Where? I can’t seem to find any. Could you provide some links please?

trieut415 · January 21, 2025, 3:44pm

Yup, here are some:

These are just some, the first article should be the most helpful, but the process that we both outlined is just for yolo, not for other models.

David_Dev · March 17, 2025, 9:32am

Thank you so much, my friend! Your guidance is truly a gem for beginners like me who are just starting out with this. You’ve helped me a lot—I managed to compile to HEF format and optimize my model. I really appreciate it!

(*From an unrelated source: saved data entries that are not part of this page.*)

lemma turn_triples_triple:
  assumes "3 * R \<le> p" and "triple_pos p R y m i"
  shows "turn_triples p R f y = (m + ((i + f m) mod 3) * int R) mod int p"
proof -
  define mi where "mi = (SOME mi. triple_pos p R y (fst mi) (snd mi))"
  have "triple_pos p R y (fst mi) (snd mi)"
    unfolding mi_def using assms(2) by (intro someI_ex[where P = "\<lambda>mi. triple_pos p R y (fst mi) (snd mi)"]) auto
  then have "fst mi = m \<and> snd mi = i" using triple_pos_unique[OF assms(1) _ assms(2)] by blast
  then show ?thesis using assms(2) unfolding turn_triples_def mi_def[symmetric] by auto
qed

lemma turn_triples_fixed:
  assumes "3 * R \<le> p" and "\<And>m i. triple_pos p R y m i \<Longrightarrow> f m mod 3 = 0"
  shows "turn_triples p R f y = y mod int p"
proof (cases "\<exists>m i. triple_pos p R y m i")
  case True
  then obtain m i where mi: "triple_pos p R y m i" by blast
  have "(i + f m) mod 3 = (i + f m mod 3) mod 3" by (simp add: mod_add_right_eq)
  also have "\<dots> = i" using mi assms(2)[OF mi] by (simp add: triple_pos_def)
  finally have "(i + f m) mod 3 = i" .
  then show ?thesis using turn_triples_triple[OF assms(1) mi] mi by (simp add: triple_pos_def)
qed (simp add: turn_triples_def)

lemma turn_triples_range: "0 < p \<Longrightarrow> 0 \<le> turn_triples p R f y \<and> turn_triples p R f y < int p"
  by (simp add: turn_triples_def Let_def)

lemma turn_triples_zero: "3 * R \<le> p \<Longrightarrow> turn_triples p R (\<lambda>_. 0) y = y mod int p"
  by (rule turn_triples_fixed) auto

lemma turn_triples_turn_triples:
  assumes "3 * R \<le> p"
  shows "turn_triples p R f (turn_triples p R g y) = turn_triples p R (\<lambda>m. (f m + g m) mod 3) y"
proof (cases "\<exists>m i. triple_pos p R y m i")
  case True
  then obtain m i where mi: "triple_pos p R y m i" by blast
  define j where "j = (i + g m) mod 3"
  have "triple_pos p R (turn_triples p R g y) m j"
    using mi turn_triples_triple[OF assms mi] by (simp add: triple_pos_def j_def)
  then have "turn_triples p R f (turn_triples p R g y) = (m + ((j + f m) mod 3) * int R) mod int p"
    by (rule turn_triples_triple[OF assms])
  moreover have "(j + f m) mod 3 = (i + (f m + g m) mod 3) mod 3"
  proof -
    have "(j + f m) mod 3 = (i + g m + f m) mod 3" unfolding j_def by (simp add: mod_add_left_eq)
    also have "\<dots> = (i + (f m + g m)) mod 3" by (simp add: ac_simps)
    also have "\<dots> = (i + (f m + g m) mod 3) mod 3" by (simp add: mod_add_right_eq)
    finally show ?thesis .
  qed
  moreover have "turn_triples p R (\<lambda>m. (f m + g m) mod 3) y
      = (m + ((i + (f m + g m) mod 3) mod 3) * int R) mod int p"
    by (rule turn_triples_triple[OF assms mi])
  ultimately show ?thesis by (simp only:)
next
  case False
  then have "turn_triples p R h y = y mod int p" for h by (simp add: turn_triples_def)
  moreover have "turn_triples p R f (y mod int p) = turn_triples p R f y"
    by (rule turn_triples_mod_cong) simp
  ultimately show ?thesis by simp
qed
lemma (in cring) vnr_idempotent:
  assumes "von_neumann_regular R" and a: "a \<in> carrier R"
  obtains e where "e \<in> carrier R" "e \<in> PIdl a" "e \<otimes> e = e" "a \<otimes> e = a"
proof -
  obtain s where s: "s \<in> carrier R" "a = a \<otimes> a \<otimes> s"
    using assms unfolding von_neumann_regular_def by blast
  have "a \<otimes> (s \<otimes> a) = a \<otimes> a \<otimes> s" using s(1) a by (simp add: m_ac)
  also have "\<dots> = a" using s(2) by (rule sym)
  finally have ae: "a \<otimes> (s \<otimes> a) = a" .
  show ?thesis
  proof (rule that)
    show "s \<otimes> a \<in> carrier R" using s(1) a by simp
    show "s \<otimes> a \<in> PIdl a" using s(1) unfolding cgenideal_def by blast
    have "(s \<otimes> a) \<otimes> (s \<otimes> a) = s \<otimes> (a \<otimes> (s \<otimes> a))" using s(1) a by (simp add: m_ac)
    also have "\<dots> = s \<otimes> a" by (simp only: ae)
    finally show "(s \<otimes> a) \<otimes> (s \<otimes> a) = s \<otimes> a" .
  qed (fact ae)
qed

lemma (in cring) vnr_primeideal_imp_maximalideal:
  assumes vnr: "von_neumann_regular R" and P: "primeideal P R"
  shows "maximalideal P R"
proof (rule maximalidealI)
  interpret primeideal P R by fact
  show "ideal P R" by (rule is_ideal)
  show "carrier R \<noteq> P" by (rule I_notcarr)
  fix J assume J: "ideal J R" "P \<subseteq> J" "J \<subseteq> carrier R"
  show "J = P \<or> J = carrier R"
  proof (cases "J \<subseteq> P")
    case True
    then show ?thesis using J(2) by blast
  next
    case False
    then obtain a where a: "a \<in> J" "a \<notin> P" by blast
    have a_carr: "a \<in> carrier R" using a J by blast
    obtain e where e: "e \<in> carrier R" "e \<in> PIdl a" "a \<otimes> e = a"
      using vnr_idempotent[OF vnr a_carr] by blast
    have "a \<otimes> (\<one> \<ominus> e) = a \<ominus> a \<otimes> e" using a_carr e(1) by algebra
    then have "a \<otimes> (\<one> \<ominus> e) = \<zero>" using e(3) a_carr by (simp add: r_neg minus_eq)
    then have "\<one> \<ominus> e \<in> P" using I_prime[of a "\<one> \<ominus> e"] a_carr e(1) a(2) by auto
    moreover have "e \<in> J" using cgenideal_minimal[OF J(1) a(1)] e(2) by blast
    ultimately show ?thesis using ideal.mem_and_one_minus_imp_carrier[OF J(1)] J(2) by blast
  qed
qed

lemma (in cring) vnr_min_primes_eq_maximalideals:
  assumes vnr: "von_neumann_regular R"
  shows "min_primes R = {M. maximalideal M R}"
proof (intro Set.set_eqI iffI CollectI)
  fix P assume "P \<in> min_primes R"
  then show "maximalideal P R"
    using vnr_primeideal_imp_maximalideal[OF vnr] unfolding min_primes_def by blast
next
  fix M assume "M \<in> {M. maximalideal M R}"
  then show "M \<in> min_primes R"
    using maximalideal_prime vnr_primeideal_imp_maximalideal[OF vnr] maximalideal_subset_imp_eq
    unfolding min_primes_def by blast
qed

lemma (in cring) vnr_ex_maximalideal_notin:
  assumes vnr: "von_neumann_regular R" and a: "a \<in> carrier R" "a \<noteq> \<zero>"
  shows "\<exists>M. maximalideal M R \<and> a \<notin> M"
proof -
  obtain e where e: "e \<in> carrier R" "e \<in> PIdl a" "e \<otimes> e = e" "a \<otimes> e = a"
    using vnr_idempotent[OF vnr a(1)] by blast
  have "\<one> \<notin> PIdl (\<one> \<ominus> e)"
  proof
    assume "\<one> \<in> PIdl (\<one> \<ominus> e)"
    then obtain x where x: "x \<in> carrier R" "\<one> = x \<otimes> (\<one> \<ominus> e)" unfolding cgenideal_def by blast
    have "e = e \<otimes> (x \<otimes> (\<one> \<ominus> e))" using x e(1) by (metis r_one)
    also have "\<dots> = x \<otimes> (e \<ominus> e \<otimes> e)" using x(1) e(1) by algebra
    also have "\<dots> = \<zero>" using e(1,3) x(1) by algebra
    finally have "a = \<zero>" using e(4) a(1) by simp
    then show False using a(2) by blast
  qed
  then obtain M where M: "maximalideal M R" "PIdl (\<one> \<ominus> e) \<subseteq> M"
    using ex_maximalideal_superset[OF cgenideal_ideal] e(1) by blast
  have M_ideal: "ideal M R" using M(1) maximalideal.axioms(1) by blast
  have "a \<notin> M"
  proof
    assume "a \<in> M"
    then have "e \<in> M" using cgenideal_minimal[OF M_ideal] e(2) by blast
    moreover have "\<one> \<ominus> e \<in> M" using M(2) cgenideal_self e(1) by blast
    ultimately show False
      using maximalideal.I_notcarr[OF M(1)] ideal.mem_and_one_minus_imp_carrier[OF M_ideal] by simp
  qed
  then show ?thesis using M(1) by blast
qed

lemma (in cring) vnr_Inter_maximalideals:
  assumes vnr: "von_neumann_regular R" and "\<one> \<noteq> \<zero>"
  shows "\<Inter>{M. maximalideal M R} = {\<zero>}"
proof
  obtain M0 where M0: "maximalideal M0 R" using ex_maximalideal assms(2) by blast
  show "\<Inter>{M. maximalideal M R} \<subseteq> {\<zero>}"
  proof
    fix a assume a: "a \<in> \<Inter>{M. maximalideal M R}"
    then have "a \<in> carrier R" using M0 ideal.Icarr[OF maximalideal.axioms(1)[OF M0]] by blast
    then show "a \<in> {\<zero>}" using a vnr_ex_maximalideal_notin[OF vnr] by blast
  qed
  show "{\<zero>} \<subseteq> \<Inter>{M. maximalideal M R}"
    using maximalideal.axioms(1) additive_subgroup.zero_closed[OF ideal.axioms(1)] by blast
qed

lemma cozero_clique_number_finiteE:
  assumes "cozero_clique_number R < \<infinity>"
  obtains N :: nat where "\<And>S. cozero_clique R S \<Longrightarrow> finite S \<and> card S \<le> N"
proof -
  have no_infinite: "\<not> (\<exists>S. cozero_clique R S \<and> infinite S)"
    using assms unfolding cozero_clique_number_def by (auto split: if_splits)
  define Xs where "Xs = {enat (card S) | S. cozero_clique R S}"
  have "Sup Xs < \<infinity>" using assms no_infinite unfolding cozero_clique_number_def Xs_def by simp
  then obtain N where N: "Sup Xs = enat N" by (cases "Sup Xs") auto
  have "finite S \<and> card S \<le> N" if S: "cozero_clique R S" for S
  proof -
    have "enat (card S) \<le> Sup Xs" using S unfolding Xs_def by (blast intro: Sup_upper)
    then show ?thesis using N no_infinite S by auto
  qed
  then show ?thesis using that by blast
qed

lemma (in ring) nonzero_nonunitsI:
  assumes I: "ideal I R" "x \<notin> I" and J: "ideal J R" "J \<noteq> carrier R" "x \<in> J"
  shows "x \<in> nonzero_nonunits R"
proof -
  have "\<zero> \<in> I" using additive_subgroup.zero_closed[OF ideal.axioms(1)[OF I(1)]] .
  then have "x \<noteq> \<zero>" using I(2) by blast
  moreover have "x \<notin> Units R"
  proof
    assume "x \<in> Units R"
    then show False using ideal.Units_in_imp_carrier[OF J(1) _ J(3)] J(2) by simp
  qed
  moreover have "x \<in> carrier R" using ideal.Icarr[OF J(1,3)] .
  ultimately show ?thesis unfolding nonzero_nonunits_def by blast
qed
lemma sum_extension_weight:
  assumes R: "partial_perm n R"
  defines "h \<equiv> n - card R"
  shows "(\<Sum>ch\<in>choices n R. extension_weight x y q n k R ch) = pweight x y q n R *
     ((if h + 1 = k then up_weight x q h else 0)
      + (if h = k then level_weight x y q h else 0)
      + (if h = k + 1 then down_weight q h else 0))"
proof -
  let ?G = "extension_weight x y q n k R"
  let ?w = "pweight x y q n R"
  let ?V = "open_vals n R" and ?A = "open_args n R"
  have "finite ?V" "finite ?A"
    using finite_subset[OF open_vals_subset] finite_subset[OF open_args_subset] by auto
  have card_V: "card ?V = h" and card_A: "card ?A = h"
    using partial_perm_card[OF R] by (simp_all add: h_def)
  have "0 \<notin> ?V" "0 \<notin> ?A" by (auto simp: open_vals_def open_args_def)
  have "(Suc n, Suc n) \<notin> insert 0 ?V \<times> insert 0 ?A" using open_vals_subset[of n R] by auto
  then have "(\<Sum>ch\<in>choices n R. ?G ch)
      = ?G (Suc n, Suc n) + (\<Sum>ch \<in> insert 0 ?V \<times> insert 0 ?A. ?G ch)"
    unfolding choices_def using \<open>finite ?V\<close> \<open>finite ?A\<close> by (simp add: sum.insert)
  also have "(\<Sum>ch \<in> insert 0 ?V \<times> insert 0 ?A. ?G ch)
      = (\<Sum>a \<in> insert 0 ?V. \<Sum>b \<in> insert 0 ?A. ?G (a, b))"
    by (simp add: sum.cartesian_product)
  also have "\<dots> = (?G (0, 0) + (\<Sum>b\<in>?A. ?G (0, b))) + (\<Sum>a\<in>?V. ?G (a, 0) + (\<Sum>b\<in>?A. ?G (a, b)))"
    using \<open>finite ?V\<close> \<open>finite ?A\<close> \<open>0 \<notin> ?V\<close> \<open>0 \<notin> ?A\<close> by (simp add: sum.insert)
  also have "(\<Sum>b\<in>?A. ?G (0, b)) = (if h = k then ?w * x * q ^ h * qint q h else 0)"
    using sum_power_rank_in[OF \<open>finite ?A\<close>, of q] card_A
    by (simp add: extension_weight_0_b[OF R] h_def sum_distrib_left[symmetric])
  also have "(\<Sum>a\<in>?V. ?G (a, 0) + (\<Sum>b\<in>?A. ?G (a, b)))
     = (\<Sum>a\<in>?V. (if h = k then ?w * q ^ h * q ^ rank_in ?V a else 0)
          + (if h = k + 1 then ?w * q ^ rank_in ?V a * qint q h else 0))"
    using sum_power_rank_in[OF \<open>finite ?A\<close>, of q] card_A
    by (intro sum.cong refl)
      (simp add: extension_weight_a_0[OF R] extension_weight_a_b[OF R] h_def
        sum_distrib_left[symmetric])
  also have "\<dots> = (if h = k then ?w * q ^ h * qint q h else 0)
      + (if h = k + 1 then ?w * qint q h * qint q h else 0)"
    using sum_power_rank_in[OF \<open>finite ?V\<close>, of q] card_V
    by (simp add: sum.distrib sum_distrib_left[symmetric] sum_distrib_right[symmetric] mult.assoc)
  finally show ?thesis
    unfolding extension_weight_fixpoint[OF R] extension_weight_0_0[OF R] h_def[symmetric]
    by (simp add: level_weight_def down_weight_def algebra_simps)
qed

definition open_weight :: "'a::comm_ring_1 \<Rightarrow> 'a \<Rightarrow> 'a \<Rightarrow> nat \<Rightarrow> nat \<Rightarrow> 'a" where
  "open_weight x y q n k = (\<Sum>R\<in>partial_perms n. if card R + k = n then pweight x y q n R else 0)"

lemma open_weight_Suc:
  "open_weight x y q (Suc n) k =
       (if k = 0 then 0 else up_weight x q (k - 1) * open_weight x y q n (k - 1))
     + level_weight x y q k * open_weight x y q n k
     + down_weight q (Suc k) * open_weight x y q n (Suc k)"
proof -
  let ?w = "\<lambda>j R. if card R + j = n then pweight x y q n R else 0"
  have "open_weight x y q (Suc n) k
      = (\<Sum>R\<in>partial_perms n. \<Sum>ch\<in>choices n R. extension_weight x y q n k R ch)"
    unfolding open_weight_def sum_partial_perms_Suc extension_weight_def
    using finite_partial_perms finite_choices by (simp add: sum.Sigma)
  also have "\<dots> = (\<Sum>R\<in>partial_perms n. (if k = 0 then 0 else up_weight x q (k - 1) * ?w (k - 1) R)
     + level_weight x y q k * ?w k R + down_weight q (Suc k) * ?w (Suc k) R)"
  proof (rule sum.cong)
    fix R assume "R \<in> partial_perms n"
    then have R: "partial_perm n R" by (simp add: partial_perms_def)
    define h where "h = n - card R"
    have "card R \<le> n" using R by (rule partial_perm_card)
    then have w: "?w j R = (if h = j then pweight x y q n R else 0)" for j
      by (auto simp: h_def)
    show "(\<Sum>ch\<in>choices n R. extension_weight x y q n k R ch)
      = (if k = 0 then 0 else up_weight x q (k - 1) * ?w (k - 1) R)
        + level_weight x y q k * ?w k R + down_weight q (Suc k) * ?w (Suc k) R"
      unfolding sum_extension_weight[OF R] h_def [symmetric] w
      by (cases "h + 1 = k"; cases "h = k"; cases "h = k + 1") auto
  qed simp
  also have "\<dots> = (if k = 0 then 0 else up_weight x q (k - 1) * open_weight x y q n (k - 1))
     + level_weight x y q k * open_weight x y q n k
     + down_weight q (Suc k) * open_weight x y q n (Suc k)"
    unfolding open_weight_def by (simp add: sum.distrib sum_distrib_left)
  finally show ?thesis .
qed

lemma open_weight_0_left: "open_weight x y q 0 k = (if k = 0 then 1 else 0)"
proof -
  have "partial_perms 0 = {{}}" by (auto simp: partial_perms_def partial_perm_def)
  then show ?thesis by (simp add: open_weight_def pweight_def pexc_def pfix_def pinv_def)
qed

lemma open_weight_eq_motzkin:
  "open_weight x y q n k = motzkin (up_weight x q) (level_weight x y q) (down_weight q) n k"
proof (induction n arbitrary: k)
  case 0
  then show ?case by (simp add: open_weight_0_left)
next
  case (Suc n)
  show ?case by (simp only: open_weight_Suc motzkin.simps Suc.IH)
qed

section \<open>Permutations as complete partial permutations\<close>

definition graph :: "nat \<Rightarrow> (nat \<Rightarrow> nat) \<Rightarrow> (nat \<times> nat) set" where
  "graph n s = (\<lambda>i. (i, s i)) ` {1..n}"

definition perm_of :: "nat \<Rightarrow> (nat \<times> nat) set \<Rightarrow> nat \<Rightarrow> nat" where
  "perm_of n R i = (if i \<in> {1..n} then THE v. (i, v) \<in> R else i)"

lemma mem_graph: "(i, u) \<in> graph n s \<longleftrightarrow> i \<in> {1..n} \<and> u = s i"
  by (auto simp: graph_def)

lemma partial_perm_graph:
  assumes s: "s permutes {1..n}"
  shows "partial_perm n (graph n s)" "card (graph n s) = n"
proof -
  have "i \<in> {1..n} \<Longrightarrow> s i \<in> {1..n}" for i using permutes_in_image[OF s] by blast
  then have "graph n s \<subseteq> {1..n} \<times> {1..n}" by (auto simp: graph_def)
  then show "partial_perm n (graph n s)" unfolding partial_perm_def
    using permutes_inj[OF s] by (auto simp: mem_graph dest: injD)
  have "card (graph n s) = card {1..n}"
    unfolding graph_def by (rule card_image) (simp add: inj_on_def)
  then show "card (graph n s) = n" by simp
qed

lemma img_gt_graph:
  "i \<in> {1..n} \<Longrightarrow> img_gt (graph n s) i v \<longleftrightarrow> v < s i"
  unfolding img_gt_def Domain_iff mem_graph by auto

lemma preimg_gt_graph:
  assumes s: "s permutes {1..n}" and "v \<in> {1..n}"
  shows "preimg_gt (graph n s) v i \<longleftrightarrow> (\<exists>j\<in>{1..n}. s j = v \<and> i < j)"
proof -
  have "v \<in> s ` {1..n}" using permutes_image[OF s] \<open>v \<in> {1..n}\<close> by simp
  then obtain j where "j \<in> {1..n}" "s j = v" by blast
  then have "v \<in> Range (graph n s)" unfolding Range_iff mem_graph by auto
  then show ?thesis unfolding preimg_gt_def mem_graph by blast
qed

lemma pweight_graph:
  assumes s: "s permutes {1..n}"
  shows "pweight x y q n (graph n s) = x ^ exc n s * y ^ fixpts n s * q ^ Defs.inv n s"
proof -
  have in_image: "i \<in> {1..n} \<Longrightarrow> s i \<in> {1..n}" for i using permutes_in_image[OF s] by blast
  have "pexc n (graph n s) = exc n s" unfolding pexc_def exc_def
    by (rule arg_cong[where f = card]) (auto simp: img_gt_graph)
  moreover have "pfix n (graph n s) = fixpts n s" unfolding pfix_def fixpts_def mem_graph
    by (rule arg_cong[where f = card]) auto
  moreover have "pinv n (graph n s) = Defs.inv n s"
  proof -
    let ?I = "{(i, j). i \<in> {1..n} \<and> j \<in> {1..n} \<and> i < j \<and> s i > s j}"
    let ?C = "{p \<in> {1..n} \<times> {1..n}.
                img_gt (graph n s) (fst p) (snd p) \<and> preimg_gt (graph n s) (snd p) (fst p)}"
    have "?C = (\<lambda>(i, j). (i, s j)) ` ?I"
    proof (rule set_eqI, rule iffI)
      fix p assume p: "p \<in> ?C"
      obtain i v where iv: "p = (i, v)" by fastforce
      have "i \<in> {1..n}" "v \<in> {1..n}" using p iv by auto
      have "v < s i" using p iv \<open>i \<in> {1..n}\<close> img_gt_graph by auto
      moreover obtain j where "j \<in> {1..n}" "s j = v" "i < j"
        using p iv \<open>v \<in> {1..n}\<close> preimg_gt_graph[OF s] by auto
      ultimately show "p \<in> (\<lambda>(i, j). (i, s j)) ` ?I" using iv \<open>i \<in> {1..n}\<close> by force
    next
      fix p assume "p \<in> (\<lambda>(i, j). (i, s j)) ` ?I"
      then obtain i j where "p = (i, s j)" "i \<in> {1..n}" "j \<in> {1..n}" "i < j" "s i > s j"
        by auto
      then show "p \<in> ?C" using img_gt_graph preimg_gt_graph[OF s] in_image by auto
    qed
    moreover have "inj_on (\<lambda>(i, j). (i, s j)) ?I"
      using permutes_inj[OF s] by (auto simp: inj_on_def dest: injD)
    ultimately show ?thesis unfolding pinv_def Defs.inv_def by (simp add: card_image)
  qed
  ultimately show ?thesis unfolding pweight_def by simp
qed

lemma partial_perm_full:
  assumes R: "partial_perm n R" and "card R = n"
  shows "Domain R = {1..n}" "Range R = {1..n}"
proof -
  have sub: "Domain R \<subseteq> {1..n}" "Range R \<subseteq> {1..n}"
    using partial_permD(1)[OF R] by auto
  have "inj_on fst R" "inj_on snd R"
    using partial_permD(2,3)[OF R] by (auto simp: inj_on_def)
  then have "card (Domain R) = n" "card (Range R) = n"
    using \<open>card R = n\<close>
    by (simp_all add: card_image fst_eq_Domain [symmetric] snd_eq_Range [symmetric])
  then show "Domain R = {1..n}" "Range R = {1..n}"
    using sub by (simp_all add: card_subset_eq)
qed

lemma perm_of_outside: "i \<notin> {1..n} \<Longrightarrow> perm_of n R i = i"
  unfolding perm_of_def by (rule if_not_P)

lemma perm_of_eq:
  assumes R: "partial_perm n R" and "(i, v) \<in> R"
  shows "perm_of n R i = v"
proof -
  have "i \<in> {1..n}" using partial_permD(1)[OF R \<open>(i, v) \<in> R\<close>] by simp
  moreover have "(THE v. (i, v) \<in> R) = v"
    by (rule the_equality) (use partial_permD(2)[OF R] \<open>(i, v) \<in> R\<close> in blast)+
  ultimately show ?thesis by (simp add: perm_of_def)
qed

lemma perm_of_mem:
  assumes R: "partial_perm n R" and "card R = n" and "i \<in> {1..n}"
  shows "(i, perm_of n R i) \<in> R"
proof -
  obtain v where "(i, v) \<in> R" using partial_perm_full(1)[OF assms(1,2)] assms(3) by blast
  then show ?thesis using perm_of_eq[OF R] by simp
qed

just_an_apple · April 2, 2025, 8:51am

I compiled my yolov11m model using the guide and collab above (slightly modified to work correctly), but when i try to test it on an image on my rpi5 with the ai hat+ (hailo8) I cant seem to get any detection, I get around 22fps when running the model on multiple images but 0 objects detected. Any idea why that might be?

Nautical · April 2, 2025, 9:18am

Try to convert the input from BGR to RGB on your inference script, that fixes mine, if that didn’t work, Check the .har inference performance on your host machine

just_an_apple · April 2, 2025, 10:34am

Thanks for the reply, I tried both rgb and bgr formats and both show no detections, also when I ran the compile.py in the notebook the process took around 12 hours, idk if that is normal for everyone or it should be lower and I messed up something.

trieut415 · April 2, 2025, 5:20pm

The long compilation time sounds right, that’s what I was also getting. Also several updates for the optimization step, colab recently updated their cuDNN to 9, however with the DFC 3.29, and 3.3 it doesn’t seem to recognize the T4 GPU, so I downgraded by the following:

You can find the deb here, it is under the dropdown, Download cuDNN v8.9.7 (December 5th, 2023), for CUDA 11.x, this is to be combined with the previous step of downgrading to cuda 11.8, which can be found earlier in this post. This is how to install it.

!sudo dpkg -i "/path/to/cudnn-local-repo-ubuntu2204-8.9.7.29_1.0-1_amd64.deb"
!sudo cp /var/cudnn-local-repo-ubuntu2204-8.9.7.29/cudnn-local-*.key /usr/share/keyrings/
!sudo apt-get update
!sudo apt-get install libcudnn8 libcudnn8-dev libcudnn8-samples -y

I’m currently in the process of doing another conversion because I was getting a lot of duplicate detections, but will update once completed to see if the HEF file still struggles.

just_an_apple · April 2, 2025, 9:50pm

Okay I am going to try to downgrade cuDNN and see if that helps, in case it doesnt would you be able to share your notebook once you are done with your do your convertion successfully ?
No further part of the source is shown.